Gates, Buffett China charity meet a success

Sept. 30: After a night of wining and dining 50 of China’s richest people in the name of promoting philanthropy, Mr Warren Buffett and Mr Bill Gates told a horde of journalists on Thursday that the biggest difference between eating with Chinese tycoons and Western ones was the food.

Thus ended the two billionaires’ mission to promote charity in China, a journey, which provoked weeks of breathless speculation here about whether this nation’s much-resented class of super-rich was too miserly to measure up to Western philanthropic standards. At a news conference, Messrs. Mr Buffett and Mr Gates said the answer was an emphatic “no.”

“I was amazed last night, really, at how similar the questions and discussions and all that was to the dinners we had in the US,” Mr Buffett, who had wisecracked about the food, said. “The same motivations tend to exist. The mechanism for manifesting those motivations may differ from country to country.”

Mr Buffett and Mr Gates, two of the best known and most admired Westerners here, announced last month that they planned to invite 50 wealthy Chinese entrepreneurs to dinner in Beijing to encourage philanthropy among this nation’s newly minted rich.

The mission became the object of feverish news coverage — and something of a litmus test of Chinese generosity — after it was reported that some tycoons were turning down the invitation because they feared they would be pressed to donate money.

The two men have made headlines worldwide for enlisting Western tycoons in a public promise to give away their fortunes either during their lifetimes or in bequests after their deaths. To date, 40 people have taken the pledge, and at least one Chinese multimillionaire has said he will join them.

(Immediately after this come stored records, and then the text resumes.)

definition zeta_i :: "'a measure \<Rightarrow> (nat \<Rightarrow> 'a \<Rightarrow> 'y) \<Rightarrow> (real^'d) set
    \<Rightarrow> (real^'d \<Rightarrow> 'y \<Rightarrow> real) \<Rightarrow> real^'d \<Rightarrow> real \<Rightarrow> ereal" where
  "zeta_i M Y \<Theta> f \<theta>s C = eexpect M (\<lambda>\<omega>. supLR \<Theta> f \<theta>s C (Y 1 \<omega>))"

definition zeta_ii :: "'a measure \<Rightarrow> (nat \<Rightarrow> 'a \<Rightarrow> 'y) \<Rightarrow> (real^'d) set
    \<Rightarrow> (real^'d \<Rightarrow> 'y \<Rightarrow> real) \<Rightarrow> real^'d \<Rightarrow> real \<Rightarrow> ereal" where
  "zeta_ii M Y \<Theta> f \<theta>s C =
     eln (SUP \<theta>\<in>Vset \<Theta> \<theta>s C. \<integral>\<^sup>+ \<omega>. ennreal (ftil \<Theta> f \<theta> (Y 1 \<omega>) / f \<theta>s (Y 1 \<omega>)) \<partial>M)"

definition zeta_iii :: "'a measure \<Rightarrow> (nat \<Rightarrow> 'a \<Rightarrow> 'y) \<Rightarrow> (real^'d) set
    \<Rightarrow> (real^'d \<Rightarrow> 'y \<Rightarrow> real) \<Rightarrow> real^'d \<Rightarrow> real \<Rightarrow> ereal" where
  "zeta_iii M Y \<Theta> f \<theta>s C =
     eln (SUP \<theta>\<in>Vset \<Theta> \<theta>s C. \<integral>\<^sup>+ \<omega>. ennreal (ftil \<Theta> f \<theta> (Y 1 \<omega>)) \<partial>M)"

definition neg_log_growth :: "(real \<Rightarrow> ereal) \<Rightarrow> bool" where
  "neg_log_growth \<zeta> \<longleftrightarrow> Limsup at_top (\<lambda>C. \<zeta> C / ereal (ln C)) < 0"

definition A6 :: "'a measure \<Rightarrow> (nat \<Rightarrow> 'a \<Rightarrow> 'y) \<Rightarrow> (real^'d) set
    \<Rightarrow> (real^'d \<Rightarrow> 'y \<Rightarrow> real) \<Rightarrow> real^'d \<Rightarrow> real \<Rightarrow> (real \<Rightarrow> ereal) \<Rightarrow> bool" where
  "A6 M Y \<Theta> f \<theta>s k \<zeta> \<longleftrightarrow>
     (k = 1/2 \<or> (\<exists>n::nat. n \<ge> 1 \<and> k = real n)) \<and>
     ( (\<zeta> = zeta_i M Y \<Theta> f \<theta>s
         \<and> (\<exists>C1>0. (SUP C\<in>{C1..}. \<integral>\<^sup>+ \<omega>. e2ennreal
               (epow \<bar>supLR \<Theta> f \<theta>s C (Y 1 \<omega>) - zeta_i M Y \<Theta> f \<theta>s C\<bar> (2 * k)) \<partial>M) < \<infinity>)
         \<and> neg_log_growth \<zeta>)
     \<or> (\<zeta> = zeta_ii M Y \<Theta> f \<theta>s \<and> neg_log_growth \<zeta>)
     \<or> (\<zeta> = zeta_iii M Y \<Theta> f \<theta>s
         \<and> (\<integral>\<^sup>+ \<omega>. e2ennreal (epow \<bar>elog (f \<theta>s (Y 1 \<omega>))\<bar> (2 * k)) \<partial>M) < \<infinity>
         \<and> neg_log_growth \<zeta>))"

definition inv_pow :: "ereal \<Rightarrow> real \<Rightarrow> ereal" where
  "inv_pow z k = (if z = 0 then \<infinity> else if \<bar>z\<bar> = \<infinity> then 0
                  else ereal (\<bar>real_of_ereal z\<bar> powr (- 2 * k)))"

end

theory Submission
  imports Defs "HOL-Real_Asymp.Real_Asymp"
begin

(* As t_p >= p + 1, everything becomes asymptotics in
   x = t_p: log h_(t_p) / D_p = O(x^-rho), and D_p * sum h_s^2 <= D_p^2 x^(-2 alpha) -> 0 because
   rho < alpha. Since rho < 1 the gaps are eventually below t_p, so t_(p+1) <= 2 t_p and
   D_(p+1) / D_p <= 2^rho / c^2 + o(1). For (4) take beta = 1 / alpha, so that h_(t_p)^(-beta) = t_p:
   the growth condition of (A6) gives zeta(C) <= - delta log C, hence |zeta(t_p)|^(-2k) -> 0, while
   sum_p D_p^(-k) <= c^(-k) sum_p p^(-k rho) < infinity as k rho > 1 + rho. *)

lemma hstep_less_hstep:
  assumes "0 < \<alpha>" and "0 < m" and "m < n"
  shows "hstep \<alpha> n < hstep \<alpha> m"
  using assms unfolding hstep_def by (intro powr_less_mono2_neg) auto

lemma hstep_mult_powr:
  assumes "0 < s"
  shows "hstep \<alpha> s * real s powr \<alpha> = 1"
  using assms by (simp add: hstep_def powr_add[symmetric])

lemma hstep_powr_inverse:
  assumes "0 < s" and "\<alpha> \<noteq> 0"
  shows "hstep \<alpha> s powr (- (1 / \<alpha>)) = real s"
  using assms by (simp add: hstep_def powr_powr)

lemma ln_hstep:
  assumes "0 < s"
  shows "ln (hstep \<alpha> s) = - \<alpha> * ln (real s)"
  using assms by (simp add: hstep_def ln_powr)

lemma hstep_squared: "(hstep \<alpha> s)\<^sup>2 = real s powr (- 2 * \<alpha>)"
  unfolding hstep_def power2_eq_square powr_add[symmetric] by simp

lemma Liminf_hstep_powr_ge_1:
  assumes "\<And>p. 0 < s p"
  shows "1 \<le> Liminf F (\<lambda>p. ereal (hstep \<alpha> (s p) * real (s p) powr \<alpha>
                                   + real (s p) powr (- \<alpha>) / hstep \<alpha> (s p)))"
proof (intro Liminf_bounded always_eventually allI)
  fix p
  have "0 \<le> real (s p) powr (- \<alpha>) / hstep \<alpha> (s p)"
    by (simp add: hstep_def)
  then show "1 \<le> ereal (hstep \<alpha> (s p) * real (s p) powr \<alpha> + real (s p) powr (- \<alpha>) / hstep \<alpha> (s p))"
    using hstep_mult_powr[OF assms] by simp
qed

lemma inv_pow_nonneg: "0 \<le> inv_pow z k"
  by (simp add: inv_pow_def)

lemma inv_pow_tendsto_zero:
  assumes "neg_log_growth \<zeta>" and "0 < k"
  shows "((\<lambda>C. inv_pow (\<zeta> C) k) \<longlongrightarrow> 0) at_top"
proof -
  obtain z where z: "Limsup at_top (\<lambda>C. \<zeta> C / ereal (ln C)) < ereal z" "ereal z < 0"
    using assms(1) ereal_dense2 unfolding neg_log_growth_def by blast
  define \<delta> where "\<delta> = - z"
  have "0 < \<delta>"
    using z(2) by (simp add: \<delta>_def)
  have below: "\<forall>\<^sub>F C in at_top. \<zeta> C / ereal (ln C) < ereal (- \<delta>)"
    using Limsup_lessD[OF z(1)] by (simp add: \<delta>_def)
  have upper: "\<forall>\<^sub>F C in at_top. inv_pow (\<zeta> C) k \<le> ereal ((\<delta> * ln C) powr (- 2 * k))"
    using below eventually_ge_at_top[of "exp 1"]
  proof eventually_elim
    case (elim C)
    then have lnC: "1 \<le> ln C"
      using ln_ge_iff[of C 1] exp_gt_zero[of 1] by linarith
    show ?case
    proof (cases "\<zeta> C")
      case (real r)
      then have r: "r < - \<delta> * ln C"
        using elim(1) lnC by (simp add: divide_less_eq)
      have pos: "0 < \<delta> * ln C"
        using \<open>0 < \<delta>\<close> lnC by simp
      have "\<bar>r\<bar> powr (- 2 * k) \<le> (\<delta> * ln C) powr (- 2 * k)"
        using r pos \<open>0 < k\<close> by (intro powr_mono2') auto
      then show ?thesis
        using real r pos by (simp add: inv_pow_def)
    next
      case PInf
      then show ?thesis using elim(1) lnC by simp
    qed (simp add: inv_pow_def)
  qed
  have "((\<lambda>C. (\<delta> * ln C) powr (- 2 * k)) \<longlongrightarrow> 0) at_top"
    using \<open>0 < \<delta>\<close> \<open>0 < k\<close> by real_asymp
  then have lim: "((\<lambda>C. ereal ((\<delta> * ln C) powr (- 2 * k))) \<longlongrightarrow> 0) at_top"
    unfolding zero_ereal_def by (rule tendsto_ereal)
  have lower: "\<forall>\<^sub>F C in at_top. 0 \<le> inv_pow (\<zeta> C) k"
    by (simp add: inv_pow_nonneg)
  show ?thesis
    by (rule tendsto_sandwich[OF lower upper tendsto_const lim])
qed

lemma A6_neg_log_growth: "A6 M Y \<Theta> f \<theta>s k \<zeta> \<Longrightarrow> neg_log_growth \<zeta>"
  unfolding A6_def by blast

lemma A6_exponent_in_Nats: "A6 M Y \<Theta> f \<theta>s k \<zeta> \<Longrightarrow> k \<noteq> 1 / 2 \<Longrightarrow> k \<in> \<nat>"
  unfolding A6_def by (auto simp: of_nat_in_Nats)

lemma powr_mult_ln_mono:
  fixes x y :: real
  assumes "0 \<le> \<rho>" and "1 \<le> x" and "x \<le> y"
  shows "x powr \<rho> * ln x \<le> y powr \<rho> * ln y"
proof (rule mult_mono)
  show "x powr \<rho> \<le> y powr \<rho>"
    using assms by (intro powr_mono2) auto
qed (use assms in auto)

locale log_gap_grid =
  fixes t :: "nat \<Rightarrow> nat" and \<rho> c K :: real
  assumes rho_pos: "0 < \<rho>" and c_pos: "0 < c" and t_0: "1 \<le> t 0"
    and t_less_Suc: "t p < t (Suc p)"
    and gap_lower: "c * real (t p) powr \<rho> * ln (real (t p)) \<le> real (t (Suc p) - t p)"
    and gap_upper: "real (t (Suc p) - t p) \<le> real (t p) powr \<rho> * ln (real (t p)) / c + K"
begin

abbreviation gap :: "nat \<Rightarrow> real" where
  "gap p \<equiv> real (t (Suc p) - t p)"

lemma Suc_le_t: "Suc p \<le> t p"
proof (induction p)
  case (Suc p)
  then show ?case
    using t_less_Suc[of p] by simp
qed (use t_0 in simp)

lemma t_pos: "0 < t p"
  using Suc_le_t[of p] by simp

lemma ln_t_nonneg: "0 \<le> ln (real (t p))"
  using t_pos[of p] by simp

lemma gap_ge_1: "1 \<le> gap p"
  using t_less_Suc[of p] by simp

lemma t_Suc: "real (t (Suc p)) = real (t p) + gap p"
  using t_less_Suc[of p] by simp

lemma filterlim_t: "filterlim (\<lambda>p. real (t p)) at_top sequentially"
proof (rule filterlim_at_top_mono[OF filterlim_real_sequentially])
  show "\<forall>\<^sub>F p in sequentially. real p \<le> real (t p)"
    using Suc_le_t by (intro always_eventually) (simp add: Suc_leD)
qed

lemma eventually_t_ge: "\<forall>\<^sub>F p in sequentially. x \<le> real (t p)"
  using filterlim_t by (simp add: filterlim_at_top)

lemma ln_hstep_div_gap_tendsto_zero: "(\<lambda>p. ln (hstep \<alpha> (t p)) / gap p) \<longlonglongrightarrow> 0"
proof (rule Lim_null_comparison)
  have "((\<lambda>x. \<bar>\<alpha>\<bar> / c * x powr (- \<rho>)) \<longlongrightarrow> 0) at_top"
    using rho_pos by real_asymp
  then show "(\<lambda>p. \<bar>\<alpha>\<bar> / c * real (t p) powr (- \<rho>)) \<longlonglongrightarrow> 0"
    by (rule filterlim_compose[OF _ filterlim_t])
  show "\<forall>\<^sub>F p in sequentially. norm (ln (hstep \<alpha> (t p)) / gap p) \<le> \<bar>\<alpha>\<bar> / c * real (t p) powr (- \<rho>)"
  proof (intro always_eventually allI)
    fix p
    let ?T = "real (t p)"
    have "c * ?T powr \<rho> * ln ?T / gap p \<le> 1"
      using gap_lower[of p] gap_ge_1[of p] by simp
    then have "ln ?T / gap p \<le> ?T powr (- \<rho>) / c"
      using c_pos t_pos[of p] by (simp add: powr_minus field_simps)
    then have "\<bar>\<alpha>\<bar> * (ln ?T / gap p) \<le> \<bar>\<alpha>\<bar> * (?T powr (- \<rho>) / c)"
      by (rule mult_left_mono) simp
    then show "norm (ln (hstep \<alpha> (t p)) / gap p) \<le> \<bar>\<alpha>\<bar> / c * ?T powr (- \<rho>)"
      using t_pos[of p] ln_t_nonneg[of p] gap_ge_1[of p] by (simp add: ln_hstep abs_mult)
  qed
qed

lemma gap_times_sum_hstep_squared_tendsto_zero:
  assumes "\<rho> < \<alpha>"
  shows "(\<lambda>p. gap p * (\<Sum>s\<in>{t p<..<t (Suc p)}. (hstep \<alpha> s)\<^sup>2)) \<longlonglongrightarrow> 0"
proof (rule Lim_null_comparison)
  define U where "U x = x powr \<rho> * ln x / c + K" for x
  have "((\<lambda>x. (U x)\<^sup>2 * x powr (- 2 * \<alpha>)) \<longlongrightarrow> 0) at_top"
    unfolding U_def using assms rho_pos c_pos by real_asymp
  then show "(\<lambda>p. (U (real (t p)))\<^sup>2 * real (t p) powr (- 2 * \<alpha>)) \<longlonglongrightarrow> 0"
    by (rule filterlim_compose[OF _ filterlim_t])
  show "\<forall>\<^sub>F p in sequentially. norm (gap p * (\<Sum>s\<in>{t p<..<t (Suc p)}. (hstep \<alpha> s)\<^sup>2))
          \<le> (U (real (t p)))\<^sup>2 * real (t p) powr (- 2 * \<alpha>)"
  proof (intro always_eventually allI)
    fix p
    let ?T = "real (t p)" and ?S = "\<Sum>s\<in>{t p<..<t (Suc p)}. (hstep \<alpha> s)\<^sup>2"
    have "(hstep \<alpha> s)\<^sup>2 \<le> ?T powr (- 2 * \<alpha>)" if "s \<in> {t p<..<t (Suc p)}" for s
      unfolding hstep_squared using that t_pos[of p] assms rho_pos by (intro powr_mono2') auto
    then have "?S \<le> real (card {t p<..<t (Suc p)}) * ?T powr (- 2 * \<alpha>)"
      by (rule sum_bounded_above)
    also have "\<dots> \<le> gap p * ?T powr (- 2 * \<alpha>)"
      by (intro mult_right_mono) auto
    finally have "gap p * ?S \<le> gap p * (gap p * ?T powr (- 2 * \<alpha>))"
      using gap_ge_1[of p] by (intro mult_left_mono) auto
    also have "\<dots> = (gap p)\<^sup>2 * ?T powr (- 2 * \<alpha>)"
      by (simp add: power2_eq_square)
    also have "\<dots> \<le> (U ?T)\<^sup>2 * ?T powr (- 2 * \<alpha>)"
      using gap_upper[of p] gap_ge_1[of p] unfolding U_def
      by (intro mult_right_mono power_mono) auto
    finally show "norm (gap p * ?S) \<le> (U ?T)\<^sup>2 * ?T powr (- 2 * \<alpha>)"
      using gap_ge_1[of p] by (simp add: sum_nonneg)
  qed
qed

lemma eventually_gap_le_t:
  assumes "\<rho> < 1"
  shows "\<forall>\<^sub>F p in sequentially. gap p \<le> real (t p)"
proof -
  have "((\<lambda>x. (x powr \<rho> * ln x / c + K) / x) \<longlongrightarrow> 0) at_top"
    using assms rho_pos c_pos by real_asymp
  from order_tendstoD(2)[OF filterlim_compose[OF this filterlim_t], of 1]
  have "\<forall>\<^sub>F p in sequentially. (real (t p) powr \<rho> * ln (real (t p)) / c + K) / real (t p) < 1"
    by simp
  then show ?thesis
  proof (rule eventually_mono)
    fix p
    assume "(real (t p) powr \<rho> * ln (real (t p)) / c + K) / real (t p) < 1"
    then show "gap p \<le> real (t p)"
      using gap_upper[of p] t_pos[of p] by (simp add: divide_less_eq)
  qed
qed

On Thursday, the two men pronounced the dinner an unqualified success, saying that two-thirds of those who were invited showed up, and that more than half of those at the dinner offered their own ideas on how Chinese philanthropy should work.

The guest list was not made public, but Chinese news media reported that it included a Chinese film star, Mr Jet Li, Niu Gensheng, the founder of a Chinese dairy business, and Mr Pan Shiyi and Mr Zhang Xin, who control the SOHO China real estate empire.